If you have a look at their ways, what do you notice about them? I wonder what Lucas and Sam are going to tell us about the two ways they've partitioned 10.
Lucas says, "I have six as a part," and if we look at Lucas's counters, we can see that six of them are in the darker red colour.
So six is a part.
Sam says, "I have six as a part too." Are Sam's six the red counters? Oh, they're not, are they? Sam's got the lighter yellow-colored counters.
They're her part that represents six.
So 10 is the whole, six is a part and four is a part.
And we can say that about Lucas's counters and about Sam's counters.
So they've shown their ways on part-part-whole models.
So we can see that the whole for both of them is 10.
So let's have a think about the parts.
Lucas says, "I have six as a part and four as a part." And we can see that in his part-part-whole model.
Sam says, "I have six as a part and four as a part too." I wonder if you can spot what's going on there.

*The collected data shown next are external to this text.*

(* Let $\mu$ be a valuated matroid on $[n]$. (i) Let $f=(f_1,f_2):[n]\cup\{o\}\to([n]\cup\{o\})\times\mathbb{T}$ be a map with $f_2(i)=0$ whenever $f_1(i)\neq o$. Then for any weakly monomial matrix $A_f$ associated to $f$, $\overline{\operatorname{trop}}(f^{-1}(\mu))=\mathrm{val}(A_f)\odot\overline{\operatorname{trop}}(\mu)$. (ii) Conversely, if $A_f\in K^{n\times n}$ is a weakly monomial matrix with entries in $\{0,1\}$, then its associated map $f$ satisfies $\overline{\operatorname{trop}}(f^{-1}(\mu))=\mathrm{val}(A_f)\odot\overline{\operatorname{trop}}(\mu)$.
   Context: $K$ is a field with non-Archimedean valuation $\mathrm{val}:K\to\mathbb{T}=\mathbb{R}\cup\{\infty\}$; $(\mathrm{val}(M)\odot v)_i=\min_j(\mathrm{val}(M_{ij})+v_j)$, applied pointwise to sets. Valuated matroid of rank $r$ on finite $E$: $\nu:\binom{E}{r}\to\mathbb{T}$, not identically $\infty$, with exchange property (for all $I,J$, $i\in I\setminus J$ there is $j\in J\setminus I$ with $\nu(I)+\nu(J)\ge\nu((I\setminus i)\cup j)+\nu((J\setminus j)\cup i)$), up to additive constants; $\overline{\operatorname{trop}}(\nu)\subseteq\mathbb{P}(\mathbb{T}^E)$ is the set of $x$ with $\min_e(C_\nu(I)_e+x_e)$ attained at least twice for all $I\in\binom{E}{r+1}$ with $C_\nu(I)\ne(\infty,\dots)$, where $C_\nu(I)_e=\nu(I\setminus e)$ for $e\in I$, $\infty$ else. Pointed matroid $\mu_o$: $\mu$ extended to $[n]\cup\{o\}$ with $o$ a loop. With $S=f_1([n]\cup\{o\})$, the affine induced valuated matroid is $f^{-1}(\mu)(B)=\mu_o|_S(f_1(B))+\sum_{i\in B}f_2(i)$, where $\mu_o|_S$ is the restriction of $\mu_o$ to $S$ and $|B|$ equals its rank (value $\infty$ if $|f_1(B)|$ is too small); $\overline{\operatorname{trop}}(f^{-1}(\mu))$ denotes the projection to the coordinates in $[n]$ of its tropical linear space. Weakly monomial: at most one nonzero entry per row. Associated matrix of $f$ (defined when $f_2(i)\in\mathrm{val}(K)$ for all $i\in[n]$): $(A_f)_{ij}=k_i$ if $f_1(i)=j\in[n]$ with $\mathrm{val}(k_i)=f_2(i)$, and $0$ otherwise. Associated map of a weakly monomial $M$: $f(o)=(o,\infty)$; $f(i)=(o,\infty)$ if row $i$ of $M$ is zero; $f(i)=(j,\mathrm{val}(M_{ij}))$ if $M_{ij}\neq0$. *)

theory Defs
  imports "HOL-Library.Extended_Real"
begin

text \<open>The tropical semiring T = R \<union> {\<infinity>} is modelled inside ereal, all
  values being required to differ from -\<infinity>. Ground sets are sets of naturals:
  [n] = {1..n} and the extra point o is 0, so [n] \<union> {o} = {0..n}.
  A point of P(T^E) is represented by all of its representatives, i.e. vectors
  x :: nat \<Rightarrow> ereal with entries in T on E, value \<infinity> off E, and not all \<infinity> on E.
  All sets below are closed under adding real constants, so equality of
  representative sets is equality of subsets of P(T^E).\<close>

definition nonarch_val :: "('k::field \<Rightarrow> ereal) \<Rightarrow> bool" where
  "nonarch_val v \<longleftrightarrow> v 0 = \<infinity> \<and> (\<forall>x. x \<noteq> 0 \<longrightarrow> v x \<noteq> \<infinity> \<and> v x \<noteq> -\<infinity>)
     \<and> (\<forall>x y. v (x * y) = v x + v y) \<and> (\<forall>x y. min (v x) (v y) \<le> v (x + y))"

definition valuated_matroid :: "nat set \<Rightarrow> nat \<Rightarrow> (nat set \<Rightarrow> ereal) \<Rightarrow> bool" where
  "valuated_matroid E r \<nu> \<longleftrightarrow> finite E
     \<and> (\<forall>B. B \<subseteq> E \<and> card B = r \<longrightarrow> \<nu> B \<noteq> -\<infinity>)
     \<and> (\<exists>B. B \<subseteq> E \<and> card B = r \<and> \<nu> B \<noteq> \<infinity>)
     \<and> (\<forall>I J. I \<subseteq> E \<and> card I = r \<and> J \<subseteq> E \<and> card J = r \<longrightarrow>
          (\<forall>i \<in> I - J. \<exists>j \<in> J - I.
             \<nu> ((I - {i}) \<union> {j}) + \<nu> ((J - {j}) \<union> {i}) \<le> \<nu> I + \<nu> J))"

definition tvec :: "nat set \<Rightarrow> (nat \<Rightarrow> ereal) \<Rightarrow> bool" where
  "tvec E x \<longleftrightarrow> (\<forall>e\<in>E. x e \<noteq> -\<infinity>) \<and> (\<forall>e. e \<notin> E \<longrightarrow> x e = \<infinity>) \<and> (\<exists>e\<in>E. x e \<noteq> \<infinity>)"

definition circ_vec :: "(nat set \<Rightarrow> ereal) \<Rightarrow> nat set \<Rightarrow> nat \<Rightarrow> ereal" where
  "circ_vec \<nu> I e = (if e \<in> I then \<nu> (I - {e}) else \<infinity>)"

definition min_twice :: "nat set \<Rightarrow> (nat \<Rightarrow> ereal) \<Rightarrow> bool" where
  "min_twice E y \<longleftrightarrow> (\<exists>e1\<in>E. \<exists>e2\<in>E. e1 \<noteq> e2 \<and>
       y e1 = (INF e\<in>E. y e) \<and> y e2 = (INF e\<in>E. y e))"

definition trop_bar :: "nat set \<Rightarrow> nat \<Rightarrow> (nat set \<Rightarrow> ereal) \<Rightarrow> (nat \<Rightarrow> ereal) set" where
  "trop_bar E r \<nu> = {x. tvec E x \<and>
     (\<forall>I. I \<subseteq> E \<and> card I = r + 1 \<and> (\<exists>e\<in>E. circ_vec \<nu> I e \<noteq> \<infinity>) \<longrightarrow>
        min_twice E (\<lambda>e. circ_vec \<nu> I e + x e))}"

text \<open>Pointed matroid: extension by the loop o = 0.\<close>
definition pointed :: "(nat set \<Rightarrow> ereal) \<Rightarrow> nat set \<Rightarrow> ereal" where
  "pointed \<mu> B = (if 0 \<in> B then \<infinity> else \<mu> B)"

definition restr_rank :: "nat set \<Rightarrow> nat \<Rightarrow> (nat set \<Rightarrow> ereal) \<Rightarrow> nat set \<Rightarrow> nat" where
  "restr_rank E r \<nu> S = Max {card (B \<inter> S) | B. B \<subseteq> E \<and> card B = r \<and> \<nu> B \<noteq> \<infinity>}"

text \<open>Restriction (deletion of E - S) of a valuated matroid, evaluated on subsets of S
  of size restr_rank E r \<nu> S.\<close>
definition restr :: "nat set \<Rightarrow> nat \<Rightarrow> (nat set \<Rightarrow> ereal) \<Rightarrow> nat set \<Rightarrow> nat set \<Rightarrow> ereal" where
  "restr E r \<nu> S A = (INF C \<in> {C. C \<subseteq> E - S \<and> card C = r - restr_rank E r \<nu> S}. \<nu> (A \<union> C))"

text \<open>Affine induced valuated matroid f^{-1}(\<mu>) on {0..n} for f = (f1, f2),
  where \<mu> has rank r on {1..n}; its rank is the rank of \<mu>_o restricted to S.\<close>
definition ind_rank :: "nat \<Rightarrow> nat \<Rightarrow> (nat set \<Rightarrow> ereal) \<Rightarrow> (nat \<Rightarrow> nat) \<Rightarrow> nat" where
  "ind_rank n r \<mu> f1 = restr_rank {0..n} r (pointed \<mu>) (f1 ` {0..n})"

definition induced :: "nat \<Rightarrow> nat \<Rightarrow> (nat set \<Rightarrow> ereal) \<Rightarrow> (nat \<Rightarrow> nat) \<Rightarrow> (nat \<Rightarrow> ereal)
    \<Rightarrow> nat set \<Rightarrow> ereal" where
  "induced n r \<mu> f1 f2 B =
     (if card (f1 ` B) < ind_rank n r \<mu> f1 then \<infinity>
      else restr {0..n} r (pointed \<mu>) (f1 ` {0..n}) (f1 ` B) + (\<Sum>i\<in>B. f2 i))"

text \<open>Projection of trop_bar(f^{-1}(\<mu>)) to the coordinates in [n].\<close>
definition trop_induced :: "nat \<Rightarrow> nat \<Rightarrow> (nat set \<Rightarrow> ereal) \<Rightarrow> (nat \<Rightarrow> nat) \<Rightarrow> (nat \<Rightarrow> ereal)
    \<Rightarrow> (nat \<Rightarrow> ereal) set" where
  "trop_induced n r \<mu> f1 f2 =
     {y. tvec {1..n} y \<and>
         (\<exists>x \<in> trop_bar {0..n} (ind_rank n r \<mu> f1) (induced n r \<mu> f1 f2). y = x(0 := \<infinity>))}"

So Lucas says, "Are our ways always the same?" Well, Sam says, "They look similar," so they've got things about them that are the same.

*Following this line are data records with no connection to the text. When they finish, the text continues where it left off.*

lemma order_one_char_poly_low_rank_update:
  fixes C G H :: "'a::field mat"
  assumes G: "G \<in> carrier_mat N n" and H: "H \<in> carrier_mat n N" and C: "C = 1\<^sub>m N + G * H"
  shows "N - n \<le> order 1 (char_poly C)"
proof -
  define Gp where "Gp = map_mat (\<lambda>a. [:a:]) G"
  define Hp where "Hp = map_mat (\<lambda>a. [:a:]) H"
  have Gp: "Gp \<in> carrier_mat N n" and Hp: "Hp \<in> carrier_mat n N"
    using G H by (auto simp: Gp_def Hp_def)
  let ?y = "[:-1, 1:] :: 'a poly"
  have "char_poly_matrix C = ?y \<cdot>\<^sub>m 1\<^sub>m N - Gp * Hp"
  proof (rule eq_matI)
    fix i j assume "i < dim_row (?y \<cdot>\<^sub>m 1\<^sub>m N - Gp * Hp)" "j < dim_col (?y \<cdot>\<^sub>m 1\<^sub>m N - Gp * Hp)"
    then have i: "i < N" and j: "j < N" using Gp Hp by auto
    have "(Gp * Hp) $$ (i,j) = [:(G * H) $$ (i,j):]"
      using i j G H by (simp add: Gp_def Hp_def scalar_prod_def mult_to_poly sum_to_poly mult.commute)
    moreover have "pCons (-1 - c) 1 = pCons 0 1 - 1 - [:c:]" for c :: 'a
      by (simp add: poly_eq_iff coeff_pCons split: nat.split)
    ultimately show "char_poly_matrix C $$ (i,j) = (?y \<cdot>\<^sub>m 1\<^sub>m N - Gp * Hp) $$ (i,j)"
      using i j G H Gp Hp unfolding C char_poly_matrix_def by simp
  qed (use G H Gp Hp in \<open>auto simp: C char_poly_matrix_def\<close>)
  then have sylvester: "?y^n * char_poly C = ?y^N * det (?y \<cdot>\<^sub>m 1\<^sub>m n - Hp * Gp)"
    unfolding char_poly_def by (simp add: det_sylvester[OF Gp Hp])
  have "char_poly C \<noteq> 0"
    using degree_monic_char_poly[of C N] G H C by auto
  show ?thesis
  proof (cases "N \<le> n")
    case False
    then have "?y^n * ?y^(N-n) dvd ?y^n * char_poly C"
      using sylvester by (metis dvd_triv_left le_add_diff_inverse nat_le_linear power_add)
    then have "?y^(N-n) dvd char_poly C"
      by (subst (asm) dvd_mult_cancel_left) auto
    then show ?thesis using \<open>char_poly C \<noteq> 0\<close> order_divides[of 1 "N-n" "char_poly C"] by simp
  qed simp
qed

lemma sum_alg_mult_ne_one_low_rank_update:
  fixes C G H :: "'a::field mat"
  assumes G: "G \<in> carrier_mat N n" and H: "H \<in> carrier_mat n N" and C: "C = 1\<^sub>m N + G * H"
  shows "(\<Sum>z\<in>{z. eigenvalue C z \<and> z \<noteq> 1}. alg_mult C z) \<le> n"
proof -
  have CN: "C \<in> carrier_mat N N" using G H C by auto
  have deg: "degree (char_poly C) = N" and nz: "char_poly C \<noteq> 0"
    using degree_monic_char_poly[OF CN] by auto
  let ?B = "{z. eigenvalue C z \<and> z \<noteq> 1}"
  show ?thesis
  proof (cases "finite ?B")
    case True
    have "order 1 (char_poly C) + (\<Sum>z\<in>?B. order z (char_poly C)) \<le> N"
      using sum_order_le_degree[OF nz, of "insert 1 ?B"] True deg by simp
    then show ?thesis
      using order_one_char_poly_low_rank_update[OF G H C] unfolding alg_mult_def by linarith
  qed simp
qed

lemma invertible_mat_if_det_nonzero:
  fixes A :: "'a::field mat"
  assumes A: "A \<in> carrier_mat n n" and det: "det A \<noteq> 0"
  shows "invertible_mat A"
proof -
  have "A \<in> Units (ring_mat TYPE('a) n undefined)"
    by (rule det_non_zero_imp_unit[OF A det])
  then obtain B where "B \<in> carrier_mat n n" "A * B = 1\<^sub>m n" "B * A = 1\<^sub>m n"
    unfolding Units_def ring_mat_def by auto
  then show ?thesis
    using A unfolding invertible_mat_def inverts_mat_def by (auto intro!: exI[of _ B])
qed

lemma mat_inv_inverse:
  assumes inv: "invertible_mat A" and A: "A \<in> carrier_mat n n"
  shows "mat_inv A \<in> carrier_mat n n" "A * mat_inv A = 1\<^sub>m n" "mat_inv A * A = 1\<^sub>m n"
proof -
  obtain B where "inverts_mat A B" "inverts_mat B A"
    using inv unfolding invertible_mat_def by blast
  then have "B \<in> carrier_mat (dim_row A) (dim_row A) \<and> inverts_mat A B \<and> inverts_mat B A"
    using A unfolding inverts_mat_def
    by (metis carrier_matD carrier_matI index_mult_mat(2,3) index_one_mat(2,3))
  from someI[of "\<lambda>B. B \<in> carrier_mat (dim_row A) (dim_row A) \<and> inverts_mat A B \<and> inverts_mat B A", OF this]
  show "mat_inv A \<in> carrier_mat n n" "A * mat_inv A = 1\<^sub>m n" "mat_inv A * A = 1\<^sub>m n"
    using A unfolding mat_inv_def inverts_mat_def by auto
qed

lemma eigenvalue_of_real_inverse_mult:
  fixes P B A :: "real mat"
  assumes P: "P \<in> carrier_mat N N" and B: "B \<in> carrier_mat N N" and A: "A \<in> carrier_mat N N"
    and PB: "P * B = 1\<^sub>m N" and eig: "eigenvalue (map_mat complex_of_real (B * A)) z"
  obtains v where "v \<in> carrier_vec N" "v \<noteq> 0\<^sub>v N"
    "map_mat complex_of_real A *\<^sub>v v = z \<cdot>\<^sub>v (map_mat complex_of_real P *\<^sub>v v)"
proof -
  let ?h = "map_mat complex_of_real"
  have BA: "B * A \<in> carrier_mat N N" using B A by simp
  obtain v where v: "v \<in> carrier_vec N" "v \<noteq> 0\<^sub>v N" and BAv: "?h (B * A) *\<^sub>v v = z \<cdot>\<^sub>v v"
    using eig BA unfolding eigenvalue_def eigenvector_def by auto
  have "?h A = ?h P * ?h (B * A)"
    using P B A by (simp add: assoc_mult_mat[of P N N B N A N, symmetric] PB
        of_real_hom.mat_hom_mult[OF P BA, symmetric])
  then have "?h A *\<^sub>v v = ?h P *\<^sub>v (?h (B * A) *\<^sub>v v)"
    using P BA v by simp
  also have "\<dots> = z \<cdot>\<^sub>v (?h P *\<^sub>v v)"
    using P v by (simp add: BAv mult_mat_vec)
  finally show ?thesis using v that by blast
qed

lemma alg_mult_preconditioned_low_rank_update:
  fixes P B G H :: "real mat"
  assumes P: "P \<in> carrier_mat N N" and B: "B \<in> carrier_mat N N" and BP: "B * P = 1\<^sub>m N"
    and G: "G \<in> carrier_mat N n" and H: "H \<in> carrier_mat n N"
  shows "(\<Sum>z\<in>{z. eigenvalue (map_mat complex_of_real (B * (P + G * H))) z \<and> z \<noteq> 1}.
            alg_mult (map_mat complex_of_real (B * (P + G * H))) z) \<le> n"
proof (rule sum_alg_mult_ne_one_low_rank_update)
  have BG: "B * G \<in> carrier_mat N n" using B G by simp
  have "B * (P + G * H) = 1\<^sub>m N + (B * G) * H"
    using P B G H by (simp add: mult_add_distrib_mat[OF B P] BP assoc_mult_mat[of B N N G n H N])
  then have "map_mat complex_of_real (B * (P + G * H)) = 1\<^sub>m N + map_mat complex_of_real ((B * G) * H)"
    using BG H by (intro eq_matI) auto
  then show "map_mat complex_of_real (B * (P + G * H))
           = 1\<^sub>m N + map_mat complex_of_real (B * G) * map_mat complex_of_real H"
    by (simp add: of_real_hom.mat_hom_mult[OF BG H])
qed (use B G H in auto)

section \<open>Pencils whose symmetric part has rank one\<close>

(* The hypothesis on s says that S = (s i j) is skew-symmetric up to \<beta> e e\<^sup>T; testing the
   system against u = D r kills the skew part. *)
lemma skew_quadratic_identity:
  fixes r d :: "nat \<Rightarrow> real" and s :: "nat \<Rightarrow> nat \<Rightarrow> real"
  assumes sym: "\<And>i j. i < m \<Longrightarrow> j < m \<Longrightarrow> s i j + s j i = 2 * \<beta>"
    and eq: "\<And>i. i < m \<Longrightarrow> r i + \<mu> * (\<Sum>j<m. s i j * d j * r j) = c"
  shows "(\<Sum>i<m. d i * (r i)\<^sup>2) + \<mu> * \<beta> * (\<Sum>i<m. d i * r i)\<^sup>2 = c * (\<Sum>i<m. d i * r i)"
proof -
  define u where "u i = d i * r i" for i
  define q where "q = (\<Sum>i<m. \<Sum>j<m. u i * u j * s i j)"
  have "q = (\<Sum>i<m. \<Sum>j<m. u i * u j * s j i)"
    unfolding q_def by (subst sum.swap) (simp add: mult_ac)
  then have "2 * q = (\<Sum>i<m. \<Sum>j<m. u i * u j * (s i j + s j i))"
    by (simp add: q_def distrib_left sum.distrib)
  also have "\<dots> = 2 * \<beta> * (\<Sum>i<m. u i)\<^sup>2"
    using sym by (simp add: power2_eq_square sum_distrib_left sum_distrib_right mult_ac)
  finally have q: "q = \<beta> * (\<Sum>i<m. u i)\<^sup>2" by simp
  have "c * (\<Sum>i<m. u i) = (\<Sum>i<m. u i * (r i + \<mu> * (\<Sum>j<m. s i j * d j * r j)))"
    using eq by (simp add: sum_distrib_left mult.commute)
  also have "\<dots> = (\<Sum>i<m. d i * (r i)\<^sup>2) + \<mu> * q"
    by (simp add: q_def u_def distrib_left sum.distrib sum_distrib_left power2_eq_square mult_ac)
  finally show ?thesis
    using q by (simp add: u_def)
qed

lemma skew_pencil_injective_real:
  fixes r d :: "nat \<Rightarrow> real" and s :: "nat \<Rightarrow> nat \<Rightarrow> real"
  assumes sym: "\<And>i j. i < m \<Longrightarrow> j < m \<Longrightarrow> s i j + s j i = 2 * \<beta>"
    and d: "\<And>j. j < m \<Longrightarrow> 0 < d j" and "0 \<le> \<mu>" "0 \<le> \<beta>"
    and eq: "\<And>i. i < m \<Longrightarrow> r i + \<mu> * (\<Sum>j<m. s i j * d j * r j) = 0"
    and i: "i < m"
  shows "r i = 0"
proof -
  have nonneg: "0 \<le> d j * (r j)\<^sup>2" if "j \<in> {..<m}" for j
    using d that by (simp add: less_imp_le)
  have "(\<Sum>j<m. d j * (r j)\<^sup>2) + \<mu> * \<beta> * (\<Sum>j<m. d j * r j)\<^sup>2 = 0"
    using skew_quadratic_identity[OF sym eq] by simp
  moreover have "0 \<le> \<mu> * \<beta> * (\<Sum>j<m. d j * r j)\<^sup>2"
    using assms by simp
  moreover have "0 \<le> (\<Sum>j<m. d j * (r j)\<^sup>2)"
    using nonneg by (rule sum_nonneg)
  ultimately have "(\<Sum>j<m. d j * (r j)\<^sup>2) = 0"
    by linarith
  then have "d i * (r i)\<^sup>2 = 0"
    using sum_nonneg_eq_0_iff[of "{..<m}" "\<lambda>j. d j * (r j)\<^sup>2"] nonneg i by simp
  then show ?thesis
    using d[OF i] by simp
qed

lemma skew_pencil_injective:
  fixes y :: "nat \<Rightarrow> complex" and d :: "nat \<Rightarrow> real" and s :: "nat \<Rightarrow> nat \<Rightarrow> real"
  assumes sym: "\<And>i j. i < m \<Longrightarrow> j < m \<Longrightarrow> s i j + s j i = 2 * \<beta>"
    and d: "\<And>j. j < m \<Longrightarrow> 0 < d j" and \<mu>: "0 \<le> \<mu>" and \<beta>: "0 \<le> \<beta>"
    and eq: "\<And>i. i < m \<Longrightarrow> y i + of_real \<mu> * (\<Sum>j<m. of_real (s i j * d j) * y j) = 0"
    and i: "i < m"
  shows "y i = 0"
proof -
  have "Re (y i) + \<mu> * (\<Sum>j<m. s i j * d j * Re (y j)) = 0"
    and "Im (y i) + \<mu> * (\<Sum>j<m. s i j * d j * Im (y j)) = 0" if "i < m" for i
    using arg_cong[OF eq[OF that], of Re] arg_cong[OF eq[OF that], of Im] by simp_all
  then show ?thesis
    using skew_pencil_injective_real[OF sym d \<mu> \<beta> _ i, where r="\<lambda>j. Re (y j)"]
      skew_pencil_injective_real[OF sym d \<mu> \<beta> _ i, where r="\<lambda>j. Im (y j)"]
    by (simp add: complex_eq_iff)
qed

lemma skew_pencil_unit_rhs_bounds:
  fixes r d :: "nat \<Rightarrow> real" and s :: "nat \<Rightarrow> nat \<Rightarrow> real"
  assumes sym: "\<And>i j. i < m \<Longrightarrow> j < m \<Longrightarrow> s i j + s j i = 2 * \<beta>"
    and d: "\<And>j. j < m \<Longrightarrow> 0 < d j" and \<mu>: "0 \<le> \<mu>" and \<beta>: "0 \<le> \<beta>" and m: "0 < m"
    and eq: "\<And>i. i < m \<Longrightarrow> r i + \<mu> * (\<Sum>j<m. s i j * d j * r j) = 1"
  shows "0 < (\<Sum>j<m. d j * r j)" and "\<mu> * \<beta> * (\<Sum>j<m. d j * r j) < 1"
proof -
  define t where "t = (\<Sum>j<m. d j * r j)"
  have "\<exists>i<m. r i \<noteq> 0"
  proof (rule ccontr)
    assume "\<not> (\<exists>i<m. r i \<noteq> 0)"
    then show False using eq[OF m] m by simp
  qed
  then obtain i where i: "i < m" "r i \<noteq> 0" by blast
  have "0 \<le> d j * (r j)\<^sup>2" if "j \<in> {..<m}" for j
    using d that by (simp add: less_imp_le)
  then have "0 < (\<Sum>j<m. d j * (r j)\<^sup>2)"
    using i d[OF i(1)] by (intro sum_pos2[of _ i]) auto
  moreover have "(\<Sum>j<m. d j * (r j)\<^sup>2) + \<mu> * \<beta> * t\<^sup>2 = t"
    using skew_quadratic_identity[OF sym eq] by (simp add: t_def)
  moreover have "0 \<le> \<mu> * \<beta> * t\<^sup>2"
    using \<mu> \<beta> by simp
  ultimately have t: "0 < t" and "\<mu> * \<beta> * t\<^sup>2 < t"
    by linarith+
  then have "(\<mu> * \<beta> * t - 1) * t < 0"
    by (simp add: algebra_simps power2_eq_square)
  with t show "0 < t" "\<mu> * \<beta> * t < 1"
    by (simp_all add: mult_less_0_iff)
qed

Sam says, "The whole is the same but the parts have swapped." So can you see that Lucas had six red and four yellow counters as his parts and Sam has got four red and six yellow counters as her parts? So the colours have swapped in the counters and the numbers have swapped in the part-part-whole models.
Lucas and Sam have represented the parts on number lines this time.
So can you see the different ways that they partitioned their number in the parts on the number line, I wonder? Lucas says, "What is the same?" And Sam says, "Well, the whole is the same." We've still got a whole of 10.
We're counting right the way up to 10 on our number line and we've put a circle around the 10 to show that.
10 is the whole, six is a part and four is a part.
And we can say that about both the number lines as well, can't we? Both of them have a jump of six and a jump of four.
"So what is different?" asks Lucas.
Ah, Sam spotted it.
Sam says, "The parts are in a different order." Sam says, "It doesn't matter if we do the jump of six or four first." We're still going to end up at 10 if we do a jump of six and a jump of four in either order.
Lucas and Sam have tried a different way to partition the counters and you can see they've recorded it and represented it in a part-part-whole model as well.
What do you notice this time? Lucas says, "10 is the whole." Yep, we can see that.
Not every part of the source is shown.